Stored data –
=====
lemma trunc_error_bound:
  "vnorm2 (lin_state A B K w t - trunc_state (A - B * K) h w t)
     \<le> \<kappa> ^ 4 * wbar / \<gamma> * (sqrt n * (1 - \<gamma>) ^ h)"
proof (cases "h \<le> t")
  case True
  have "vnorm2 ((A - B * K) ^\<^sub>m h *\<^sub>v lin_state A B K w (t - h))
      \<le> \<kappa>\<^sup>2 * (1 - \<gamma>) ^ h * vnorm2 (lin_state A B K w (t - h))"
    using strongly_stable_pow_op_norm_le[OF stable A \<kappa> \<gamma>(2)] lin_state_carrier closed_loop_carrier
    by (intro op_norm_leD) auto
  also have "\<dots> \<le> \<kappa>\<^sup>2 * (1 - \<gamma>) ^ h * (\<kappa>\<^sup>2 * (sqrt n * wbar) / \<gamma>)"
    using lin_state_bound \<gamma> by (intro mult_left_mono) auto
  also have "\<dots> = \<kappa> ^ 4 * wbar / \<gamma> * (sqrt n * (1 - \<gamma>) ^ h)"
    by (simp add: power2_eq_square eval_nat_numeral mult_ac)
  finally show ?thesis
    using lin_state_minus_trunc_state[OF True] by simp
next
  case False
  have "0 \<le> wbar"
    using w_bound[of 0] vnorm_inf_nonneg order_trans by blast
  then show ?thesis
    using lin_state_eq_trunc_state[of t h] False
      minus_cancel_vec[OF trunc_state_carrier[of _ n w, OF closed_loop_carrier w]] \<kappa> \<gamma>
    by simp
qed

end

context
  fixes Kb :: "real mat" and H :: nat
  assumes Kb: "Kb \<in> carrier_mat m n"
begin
=====
Task brief –
Only the lines that contain the string "auto" are to be copied from the records.

Output below –
    by (intro op_norm_leD) auto
    using lin_state_bound \<gamma> by (intro mult_left_mono) auto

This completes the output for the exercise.